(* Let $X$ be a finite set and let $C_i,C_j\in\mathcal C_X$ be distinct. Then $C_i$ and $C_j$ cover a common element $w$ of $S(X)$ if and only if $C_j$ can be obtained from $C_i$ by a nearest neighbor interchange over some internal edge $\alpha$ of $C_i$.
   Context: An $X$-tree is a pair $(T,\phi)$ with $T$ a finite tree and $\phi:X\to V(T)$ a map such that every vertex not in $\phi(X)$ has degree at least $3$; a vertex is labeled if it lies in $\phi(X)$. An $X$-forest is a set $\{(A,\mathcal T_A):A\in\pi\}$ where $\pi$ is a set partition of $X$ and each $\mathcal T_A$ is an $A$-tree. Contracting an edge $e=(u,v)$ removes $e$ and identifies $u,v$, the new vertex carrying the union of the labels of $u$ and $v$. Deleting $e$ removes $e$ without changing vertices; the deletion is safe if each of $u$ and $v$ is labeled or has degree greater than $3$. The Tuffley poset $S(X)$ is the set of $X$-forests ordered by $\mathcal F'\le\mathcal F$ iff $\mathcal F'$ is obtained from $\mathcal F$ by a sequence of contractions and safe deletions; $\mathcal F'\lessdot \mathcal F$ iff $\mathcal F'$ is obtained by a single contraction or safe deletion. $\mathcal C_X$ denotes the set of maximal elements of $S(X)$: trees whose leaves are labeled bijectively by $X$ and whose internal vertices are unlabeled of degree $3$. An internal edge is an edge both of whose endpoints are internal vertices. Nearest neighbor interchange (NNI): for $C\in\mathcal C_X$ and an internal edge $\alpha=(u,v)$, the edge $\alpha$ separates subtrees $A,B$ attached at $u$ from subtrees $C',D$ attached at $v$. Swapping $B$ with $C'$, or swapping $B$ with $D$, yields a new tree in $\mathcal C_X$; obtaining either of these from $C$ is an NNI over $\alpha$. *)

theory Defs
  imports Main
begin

====================

■ **TASK STATEMENT**:
Transcribe the material above in its entirety, precisely as written.

■ **YOUR SOLUTION**:
(* Let $X$ be a finite set and let $C_i,C_j\in\mathcal C_X$ be distinct. Then $C_i$ and $C_j$ cover a common element $w$ of $S(X)$ if and only if $C_j$ can be obtained from $C_i$ by a nearest neighbor interchange over some internal edge $\alpha$ of $C_i$.
   Context: An $X$-tree is a pair $(T,\phi)$ with $T$ a finite tree and $\phi:X\to V(T)$ a map such that every vertex not in $\phi(X)$ has degree at least $3$; a vertex is labeled if it lies in $\phi(X)$. An $X$-forest is a set $\{(A,\mathcal T_A):A\in\pi\}$ where $\pi$ is a set partition of $X$ and each $\mathcal T_A$ is an $A$-tree. Contracting an edge $e=(u,v)$ removes $e$ and identifies $u,v$, the new vertex carrying the union of the labels of $u$ and $v$. Deleting $e$ removes $e$ without changing vertices; the deletion is safe if each of $u$ and $v$ is labeled or has degree greater than $3$. The Tuffley poset $S(X)$ is the set of $X$-forests ordered by $\mathcal F'\le\mathcal F$ iff $\mathcal F'$ is obtained from $\mathcal F$ by a sequence of contractions and safe deletions; $\mathcal F'\lessdot \mathcal F$ iff $\mathcal F'$ is obtained by a single contraction or safe deletion. $\mathcal C_X$ denotes the set of maximal elements of $S(X)$: trees whose leaves are labeled bijectively by $X$ and whose internal vertices are unlabeled of degree $3$. An internal edge is an edge both of whose endpoints are internal vertices. Nearest neighbor interchange (NNI): for $C\in\mathcal C_X$ and an internal edge $\alpha=(u,v)$, the edge $\alpha$ separates subtrees $A,B$ attached at $u$ from subtrees $C',D$ attached at $v$. Swapping $B$ with $C'$, or swapping $B$ with $D$, yields a new tree in $\mathcal C_X$; obtaining either of these from $C$ is an NNI over $\alpha$. *)

theory Defs
  imports Main
begin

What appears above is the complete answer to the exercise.